Folha - O sr. é um cientista. É também religioso?
Freire - Sou muito mais um homem de fé. Mas sequer tenho mérito
por isso, porque não faço força para acreditar, entende?
Quando eu era moço, li num livro do filósofo espanhol Unamuno a
seguinte frase: "Eu estou em minha fé." Acho que comigo acontece
isso também.
Experimento a fé, como quem se experimenta nesta cadeira agora. Eu
me sinto instalado na fé. O importante é que jamais consegui
conceber que minha fé pudesse servir contra os interesses do povo.
Jamais pude admitir que pudesse conciliar a fé com uma posição
reacionária.
Folha - O fim do comunismo é definitivo?
Freire - O fim do comunismo no Leste europeu representa uma queda
necessária, na minha opinião. Mas é a queda não do socialismo, do
sonho, da utopia socialista. É a queda da moldura autoritária,
reacionária, discricionária, stalinista, dentro da qual se pôs o
socialismo.
Entre o socialismo e o capitalismo, a diferença fundamental é que o
capitalismo tem uma moldura democrático-burguesa. O que presta no
capitalismo, no meu entender, não é ele. Para mim, ele é uma
malvadez em si mesma. Se se pensa na excelência do capitalismo no
Brasil, eu me pergunto: que excelência é esta que produz 33 milhões
de famintos?
O que o capitalismo tem de bom é apenas a moldura democrática. Um
dos maiores erros históricos das esquerdas que se fanatizaram foi
antagonizar socialismo e democracia.
Por isso, a queda do muro de Berlim é uma espécie de hino à
liberdade, muito mais do que um retorno ao capitalismo. A utopia
socialista talvez nunca tenha tido uma oportunidade tão bacana
quanto hoje, historicamente, para crescer.
Porque, de agora em diante, o capitalismo já não pode dizer que a
culpa de seus males é do comunismo.

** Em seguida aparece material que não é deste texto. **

text \<open>Average the \<open>K\<^sub>n \<ge> a n\<^sup>2\<close> test variables. Since they are uncorrelated and bounded by \<open>b\<close>,
  the average has variance at most \<open>b\<^sup>2 / K\<^sub>n\<close> under both \<open>P\<close> and \<open>P'\<close>, while its two means
  differ by at least \<open>\<Delta>\<^sub>n / n\<close>. By Chebyshev, the event that the average exceeds the \<open>P\<close>-mean
  by half this gap has \<open>P\<close>-probability, and its complement \<open>P'\<close>-probability, at most
  \<open>4 b\<^sup>2 / (a \<Delta>\<^sub>n\<^sup>2) \<rightarrow> 0\<close>. Sets that are small for \<open>P\<close> with \<open>P'\<close>-small complements, taken
  with summable bounds, give mutual singularity by Borel-Cantelli.\<close>

lemma (in finite_measure) integrable_mult_bounded:
  fixes f g :: "'a \<Rightarrow> real"
  assumes "f \<in> borel_measurable M" "g \<in> borel_measurable M"
    and "\<And>\<omega>. \<omega> \<in> space M \<Longrightarrow> \<bar>f \<omega>\<bar> \<le> b"
    and "\<And>\<omega>. \<omega> \<in> space M \<Longrightarrow> \<bar>g \<omega>\<bar> \<le> c"
  shows "integrable M (\<lambda>\<omega>. f \<omega> * g \<omega>)"
proof (rule integrable_const_bound[where B = "b * c"])
  show "AE \<omega> in M. norm (f \<omega> * g \<omega>) \<le> b * c"
    using assms(3,4) by (auto simp: abs_mult intro!: mult_mono order_trans[OF abs_ge_zero])
qed (use assms(1,2) in measurable)
lemma first_coordinate_directional_deriv:
  assumes "(f has_real_derivative f' (x $ 1)) (at (x $ 1))"
  shows "((\<lambda>t. f ((x + t *\<^sub>R axis i 1) $ 1)) has_real_derivative
            (if i = 1 then f' (x $ 1) else 0)) (at 0)"
proof (cases "i = 1")
  case True
  have "((\<lambda>t. f (x $ 1 + t)) has_real_derivative f' (x $ 1 + 0) * 1) (at 0)"
    by (rule DERIV_chain2[of f]) (use assms in \<open>auto intro!: derivative_eq_intros\<close>)
  then show ?thesis
    using True by (simp add: axis_def)
next
  case False
  then show ?thesis
    by (simp add: axis_def)
qed

lemma smooth_fun_of_closed_family:
  assumes "f \<in> S"
    and closed: "\<And>g h i. g \<in> S \<Longrightarrow>
           (\<And>x. ((\<lambda>t. g (x + t *\<^sub>R axis i 1)) has_real_derivative h x) (at 0)) \<Longrightarrow> h \<in> S"
    and regular: "\<And>g. g \<in> S \<Longrightarrow> continuous_on UNIV g \<and>
           (\<forall>i x. \<exists>d. ((\<lambda>t. g (x + t *\<^sub>R axis i 1)) has_real_derivative d) (at 0))"
  shows "smooth_fun f"
proof -
  have "g \<in> S" if "g \<in> partials f" for g
    using that by (induction rule: partials.induct) (use assms in blast)+
  then show ?thesis
    unfolding smooth_fun_def using regular by blast
qed

definition first_coordinate_family :: "(nat \<Rightarrow> real \<Rightarrow> real) \<Rightarrow> (real^2 \<Rightarrow> real) set" where
  "first_coordinate_family F = insert (\<lambda>x. 0) (range (\<lambda>p x. F p (x $ 1)))"
(* Let $X$ be a non-empty set and let $E$ be any maximal right pre-reduced subset of $E(T_X^0)$, regarded as a subset of $TRel_X^0$. Then $TRel_X^0$ is an inductive left $E$-monoid, integral with $0\in E$, and $(Rel_X,\circledast,D)\cong Rest_0(E,TRel_X^0)$ as unary semigroups.
   Context: Relations are composed left to right: for binary relations $\rho,\tau$ on $X$, $\rho\tau=\{(x,y)\mid \exists z: (x,z)\in\rho,(z,y)\in\tau\}$. $Rel_X$ is the set of binary relations on $X$; $\mathrm{dom}(\rho)=\{x\mid \exists y:(x,y)\in\rho\}$. Demonic composition is $\rho\circledast\tau=\{(x,y)\in\rho\tau\mid \text{for all } z\in X,\ (x,z)\in\rho\Rightarrow z\in\mathrm{dom}(\tau)\}$, and $D(\rho)$ is the identity relation on $\mathrm{dom}(\rho)$; $(Rel_X,\circledast,D)$ is a left restriction monoid. $TRel_X$ is the set of left total relations ($\mathrm{dom}(\rho)=X$), a monoid under (ordinary = demonic) composition containing $T_X$ (total functions $X\to X$) as a submonoid; $T_X^0$ and $TRel_X^0$ denote these with a new zero element $0$ adjoined, so $T_X^0\subseteq TRel_X^0$. For a semigroup $S$, $E(S)$ is its set of idempotents; for $e,f\in E(S)$, $e\le_r f$ iff $e=ef$, and $e\sim_r f$ iff $e\le_r f$ and $f\le_r e$. $E\subseteq E(S)$ is right pre-reduced if $e=ef$ and $f=fe$ imply $e=f$ for $e,f\in E$, and maximal right pre-reduced if it contains exactly one element of each $\sim_r$-class of $E(S)$. A monoid with zero is integral if $st=0$ implies $s=0$ or $t=0$. Let $S$ be a monoid and $1\in E\subseteq E(S)$. $S$ is an inductive left $E$-monoid if $E$ is right pre-reduced, $(E,\le_r)$ is a meet-semilattice with meet $\wedge$, and (I1') for all $t\in S$, $e\in E$ there is $t\cdot e\in E$ such that for all $s\in S$: $ste=st$ iff $s(t\cdot e)=s$; (I2') for $s\in S$, $e,f\in E$: $se=sf=s$ implies $s(e\wedge f)=s$. If $S$ is also integral with zero and $0\in E$, $Rest_0(E,S)$ is the set $\{(e,s)\in E\times S\mid es=s,\ s=0\Rightarrow e=0\}$ with multiplication $(e,s)(f,t)=(e\wedge(s\cdot f),(e\wedge(s\cdot f))st)$ and $D((e,s))=(e,e)$. *)

theory Defs
  imports Main
begin

definition idems :: "'s set \<Rightarrow> ('s \<Rightarrow> 's \<Rightarrow> 's) \<Rightarrow> 's set" where
  "idems S m = {e \<in> S. m e e = e}"

definition le_r :: "('s \<Rightarrow> 's \<Rightarrow> 's) \<Rightarrow> 's \<Rightarrow> 's \<Rightarrow> bool" where
  "le_r m e f \<longleftrightarrow> e = m e f"

definition sim_r :: "('s \<Rightarrow> 's \<Rightarrow> 's) \<Rightarrow> 's \<Rightarrow> 's \<Rightarrow> bool" where
  "sim_r m e f \<longleftrightarrow> le_r m e f \<and> le_r m f e"

definition right_pre_reduced :: "('s \<Rightarrow> 's \<Rightarrow> 's) \<Rightarrow> 's set \<Rightarrow> bool" where
  "right_pre_reduced m E \<longleftrightarrow>
     (\<forall>e\<in>E. \<forall>f\<in>E. e = m e f \<and> f = m f e \<longrightarrow> e = f)"

definition max_right_pre_reduced :: "'s set \<Rightarrow> ('s \<Rightarrow> 's \<Rightarrow> 's) \<Rightarrow> 's set \<Rightarrow> bool" where
  "max_right_pre_reduced S m E \<longleftrightarrow>
     E \<subseteq> idems S m \<and> (\<forall>e\<in>idems S m. \<exists>!f. f \<in> E \<and> sim_r m e f)"

definition is_monoid :: "'s set \<Rightarrow> ('s \<Rightarrow> 's \<Rightarrow> 's) \<Rightarrow> 's \<Rightarrow> bool" where
  "is_monoid S m u \<longleftrightarrow> u \<in> S \<and> (\<forall>a\<in>S. \<forall>b\<in>S. m a b \<in> S)
     \<and> (\<forall>a\<in>S. \<forall>b\<in>S. \<forall>c\<in>S. m (m a b) c = m a (m b c))
     \<and> (\<forall>a\<in>S. m u a = a \<and> m a u = a)"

Ele tem que assumir a sua
responsabilidade.
Folha - Como foi sua experiência de secretário da Educação da
prefeitura de São Paulo na gestão de Luiza Erundina? Dizem que o sr.
não conseguiu imprimir sua marca pessoal naquela administração.
Freire - Qual nada. Eu diria até que a gente não tem que imprimir
marca pessoal coisíssima nenhuma. As marcas pessoais são sociais.
Mas há sempre uma dimensão pessoal a ficar, e esta ficou. Nossa
gestão fez um trabalho de colegiado, e isso é bem Paulo Freire. Fui
possivelmente o secretário que menos poder teve, porque
descentralizei totalmente a administração.